CS 194-26: Final Project

Augmented Reality & Lightfield Cameras

Emily Ma

A Poor Man's Augmented Reality

The goal of this project was to insert a synthetic geometric cube into a moving scene. To achieve this, I first captured a video of moving perspective of a cube against a contrasting background. I then used ginput to select 20 correspondence points on the first frame of the video as shown below.



I also derived 20 points in 3D space corresponding to the selected 2D points if I imaged the origin to be at bottom corner closest to the camera similar to the project spec. Now that I had corresponding points, I used least-squares method to compute the M matrix that maps the 3D points to 2D space for that frame. I then used this M matrix to transform the 3D points of where I wanted to insert the cube into the 2D space of the first frame.

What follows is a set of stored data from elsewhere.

(* Let $g\geqslant0$. With respect to the lexicographic monomial order with $\alpha>\gamma$, the set \[\{\zeta'_g,\ \gamma\zeta'_{g-2},\ \gamma^2\zeta'_{g-4},\ \ldots,\ \gamma^{\lfloor g/2\rfloor}\zeta'_{g-2\lfloor g/2\rfloor},\ \gamma^{\lceil g/2\rceil}\}\] is a Gröbner basis for $J'_g$. Consequently, a vector space basis of $\mathbb{C}[\alpha,\gamma]/J'_g$ is represented by the monomials $\alpha^a\gamma^c$ with $0\leqslant c<g/2$ and $0\leqslant a<g-2c$ when $g$ is even, and by the monomials $\alpha^a\gamma^c$ with $0\leqslant c\leqslant(g-1)/2$ and $0\leqslant a<g-2c$ when $g$ is odd.
   Context: Define $\zeta'_k\in\mathbb{C}[\alpha,\gamma]$ by $\zeta'_k=0$ for $k<0$, $\zeta'_0=1$, and $\zeta'_{k+1}=\alpha\zeta'_k+2k(k-1)\gamma\zeta'_{k-2}$ for $k\geqslant0$; let $J'_k=(\zeta'_k,\zeta'_{k+1},\zeta'_{k+2})$. *)

theory Defs
  imports "HOL-Computational_Algebra.Polynomial"
begin

text \<open>The bivariate polynomial ring C[alpha,gamma] is represented as
  complex poly poly: the outer variable is alpha, the coefficients are
  polynomials in gamma.\<close>

type_synonym bipoly = "complex poly poly"

definition var_alpha :: bipoly where "var_alpha = [:0, 1:]"
definition var_gamma :: bipoly where "var_gamma = [:[:0, 1:]:]"

definition bmonom :: "complex \<Rightarrow> nat \<Rightarrow> nat \<Rightarrow> bipoly" where
  "bmonom u a c = monom (monom u c) a"

text \<open>zeta'_k: zeta'_0 = 1, zeta'_{k+1} = alpha zeta'_k + 2k(k-1) gamma zeta'_{k-2},
  with zeta'_k = 0 for k < 0 (the extra term vanishes for k = 0, 1 anyway).\<close>
fun zeta' :: "nat \<Rightarrow> bipoly" where
  "zeta' 0 = 1"
| "zeta' (Suc 0) = var_alpha * zeta' 0"
| "zeta' (Suc (Suc 0)) = var_alpha * zeta' (Suc 0)"
| "zeta' (Suc (Suc (Suc n))) = var_alpha * zeta' (Suc (Suc n))
      + of_nat (2 * (n + 2) * (n + 1)) * var_gamma * zeta' n"

definition gen_ideal :: "bipoly set \<Rightarrow> bipoly set" where
  "gen_ideal S = {p. \<exists>F r. finite F \<and> F \<subseteq> S \<and> p = (\<Sum>f\<in>F. r f * f)}"

definition J' :: "nat \<Rightarrow> bipoly set" where
  "J' k = gen_ideal {zeta' k, zeta' (k + 1), zeta' (k + 2)}"

text \<open>Leading monomial (exponent of alpha, exponent of gamma) w.r.t. lex order with
  alpha > gamma: maximal alpha-degree first, then maximal gamma-degree.\<close>
definition lead_mon :: "bipoly \<Rightarrow> nat \<times> nat" where
  "lead_mon p = (degree p, degree (lead_coeff p))"

definition mon_dvd :: "nat \<times> nat \<Rightarrow> nat \<times> nat \<Rightarrow> bool" where
  "mon_dvd m n \<longleftrightarrow> fst m \<le> fst n \<and> snd m \<le> snd n"

definition is_groebner_basis :: "bipoly set \<Rightarrow> bipoly set \<Rightarrow> bool" where
  "is_groebner_basis G I \<longleftrightarrow> finite G \<and> G \<subseteq> I \<and>
     (\<forall>f\<in>I. f \<noteq> 0 \<longrightarrow> (\<exists>g\<in>G. g \<noteq> 0 \<and> mon_dvd (lead_mon g) (lead_mon f)))"

definition monomials_quotient_basis :: "(nat \<times> nat) set \<Rightarrow> bipoly set \<Rightarrow> bool" where
  "monomials_quotient_basis M I \<longleftrightarrow>
     (\<forall>u. (\<Sum>(a,c)\<in>M. bmonom (u (a,c)) a c) \<in> I \<longrightarrow> (\<forall>m\<in>M. u m = 0)) \<and>
     (\<forall>p. \<exists>u. p - (\<Sum>(a,c)\<in>M. bmonom (u (a,c)) a c) \<in> I)"

end

theory Submission
  imports Defs
begin

text \<open>Let \<open>D h = \<alpha> h - 2\<gamma> \<partial>\<^sup>2h/\<partial>\<alpha>\<^sup>2\<close> and let \<open>\<Phi>\<close> be the \<open>\<complex>[\<gamma>]\<close>-linear map with
  \<open>\<Phi>(\<alpha>\<^sup>i) = D\<^sup>i(1)\<close>. Then \<open>\<Phi>(\<alpha> f) = D(\<Phi> f)\<close>, and the recurrence for \<open>\<zeta>'\<close> says exactly that
  \<open>\<Phi>(\<zeta>'\<^sub>k) = \<alpha>\<^sup>k\<close>. Give \<open>\<alpha>\<close> weight 1 and \<open>\<gamma>\<close> weight 2: multiplication by \<open>\<alpha>\<close> raises
  weights and \<open>\<gamma> \<partial>\<^sup>2/\<partial>\<alpha>\<^sup>2\<close> preserves them, so \<open>\<Phi>\<close> maps \<open>J'\<^sub>g\<close> into the polynomials all of
  whose monomials have weight at least \<open>g\<close>. Since \<open>D\<^sup>i(1) = \<alpha>\<^sup>i + (lower terms)\<close>, \<open>\<Phi>\<close> keeps the
  leading coefficient in \<open>\<alpha>\<close>, so every nonzero \<open>f \<in> J'\<^sub>g\<close> has a leading monomial
  \<open>\<alpha>\<^sup>a \<gamma>\<^sup>c\<close> with \<open>a + 2c \<ge> g\<close>. Conversely the recurrence gives \<open>\<gamma>\<^sup>i \<zeta>'\<^sub>k \<in> J'\<^sub>g\<close> whenever
  \<open>k + 2i \<ge> g\<close>, and \<open>\<gamma>\<^sup>i \<zeta>'\<^sub>k\<close> has leading monomial \<open>\<alpha>\<^sup>k \<gamma>\<^sup>i\<close>. Hence the leading monomials
  of \<open>J'\<^sub>g\<close> are exactly the monomials of weight at least \<open>g\<close>: the listed elements realise
  the minimal ones, and the monomials of weight below \<open>g\<close> form a basis of the quotient.\<close>

lemma smult_sum_right: "smult a (\<Sum>x\<in>A. f x) = (\<Sum>x\<in>A. smult a (f x))"
  by (induction A rule: infinite_finite_induct) (simp_all add: smult_add_right)

interpretation ring_module: module "(*) :: 'a::comm_ring_1 \<Rightarrow> 'a \<Rightarrow> 'a"
  by unfold_locales (simp_all add: algebra_simps)

text \<open>Here \<open>scale_scale\<close> is \<open>mult.assoc\<close> reversed; as a simp rule it loops against \<open>mult.assoc\<close>.\<close>
declare ring_module.scale_scale [simp del]

lemma gen_ideal_eq_span: "gen_ideal S = ring_module.span S"
  unfolding gen_ideal_def ring_module.span_explicit by blast

lemma var_alpha_mult: "var_alpha * x = pCons 0 x"
  by (simp add: var_alpha_def)

lemma var_gamma_mult: "var_gamma * x = smult [:0, 1:] x"
  by (simp add: var_gamma_def)

lemma var_gamma_nonzero [simp]: "var_gamma \<noteq> 0"
  by (simp add: var_gamma_def)

lemma var_gamma_power: "var_gamma ^ i = [:monom 1 i:]"
proof (induction i)
  case (Suc i)
  have "[:0, 1:] * monom (1::complex) i = monom 1 (Suc i)"
    by (simp add: monom_Suc)
  then show ?case by (simp only: power_Suc var_gamma_mult Suc.IH) simp
qed (simp add: one_pCons)

text \<open>The paper's recurrence; for \<open>k < 2\<close> the truncated index \<open>k - 2\<close> is harmless because its
  coefficient vanishes.\<close>
lemma zeta'_Suc:
  "zeta' (Suc k) = var_alpha * zeta' k + of_nat (2 * k * (k - 1)) * var_gamma * zeta' (k - 2)"
  by (cases k rule: zeta'.cases) (simp_all add: algebra_simps)

lemma coeff_zeta'_Suc:
  "coeff (zeta' (Suc m)) (Suc n) = coeff (zeta' m) n + [:0, of_nat (2 * m * (m - 1)):] * coeff (zeta' (m - 2)) (Suc n)"
  unfolding zeta'_Suc by (simp add: var_alpha_mult var_gamma_mult of_nat_poly)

Now that I could insert the cube into one frame of the video, I had to define a matrix M for every frame and recompute the 2D coordinates of the inserted cube. Since the 20 key points were constantly moving, I instantiated a tracker using cv2.legacy.TrackerMedianFlow_create() that follows a 16x16 patch around each of the twenty points that would track each point through the frames. I made sure to create a separate tracker for each point. I was then able to insert the cube into each frame and then combine all of these frames into a new video. Note: the videos have been heavily compressed to .gifs to fit the size limits of the upload utility, which has changed the quality and speed a bit.





Lightfield Cameras

Summary, what I learned: In this project, I explore how lightfield camera images can be used to recreate images at different focus depths and different aperture. I also implement an interactive depth refocusing example. I learned how to apply ideas surrounding lightfield cameras as well as reinforcing camera concepts.


Depth Refocusing

To recreate the image at different focus depths, I average shifted versions of the images in the 17x17 grid. I chose the center reference image as the (8,8) position. To calculate the shifts for each image, I find the difference between the selected image's (u,v) coordinates as specified in each filename versus the (u,v) coordinates of the center image. I then scale this difference by a factor of C which defines which part of the image is in focus. In general, higher C values bring the focus closer to the front of the image and lower C values send the focus towards the back of the perspective. By shifting the images closer or farther from the reference image, different parts of the image will be brought into focus. I show images of a few different C values as well as a gif showing a range of C values from -1 to 1.


C = -0.2
C = 0.25
C = 0.5



Aperture Adjustment

To mimic differnt aperture settings on a camera, I either included more or less images from the grid of lightfield images to average them together. For an aperture of size 1, I average the center reference image (8,8) as well the images one image away in the grid. An aperture of size A includes all images averaged within A of the center image when looking at the images as a grid. You can also change the C values to focus on different parts. An aperture size of 0 is only the center image and an aperture size of 8 includes all images. I show images of different aperture values as well as a gif from aperture values 0 to 8.


A = 1
A = 3
A = 6



Bells & Whistles: Interactive Depth Refocusing

For creating an interactive depth refocusing plot, I used matplotlib's ginput to allow the user to select points on the image. I used the SSD pyramid search from Project 1 image alignment to find the best shifts to line up one of the images to the center refernece image. I calculated C from the shifts (s,t) so that C = (s / (u - center_u) + t / (v - center_v)) / 2. I used this C from the one image for all of the images and then followed the same process as part 1 to refocus the depth with this new C value. I kept a dictionary with all of the C values from range -1 to 1 so that when the point is clicked, I can just retrieve the image of the corresponding C value.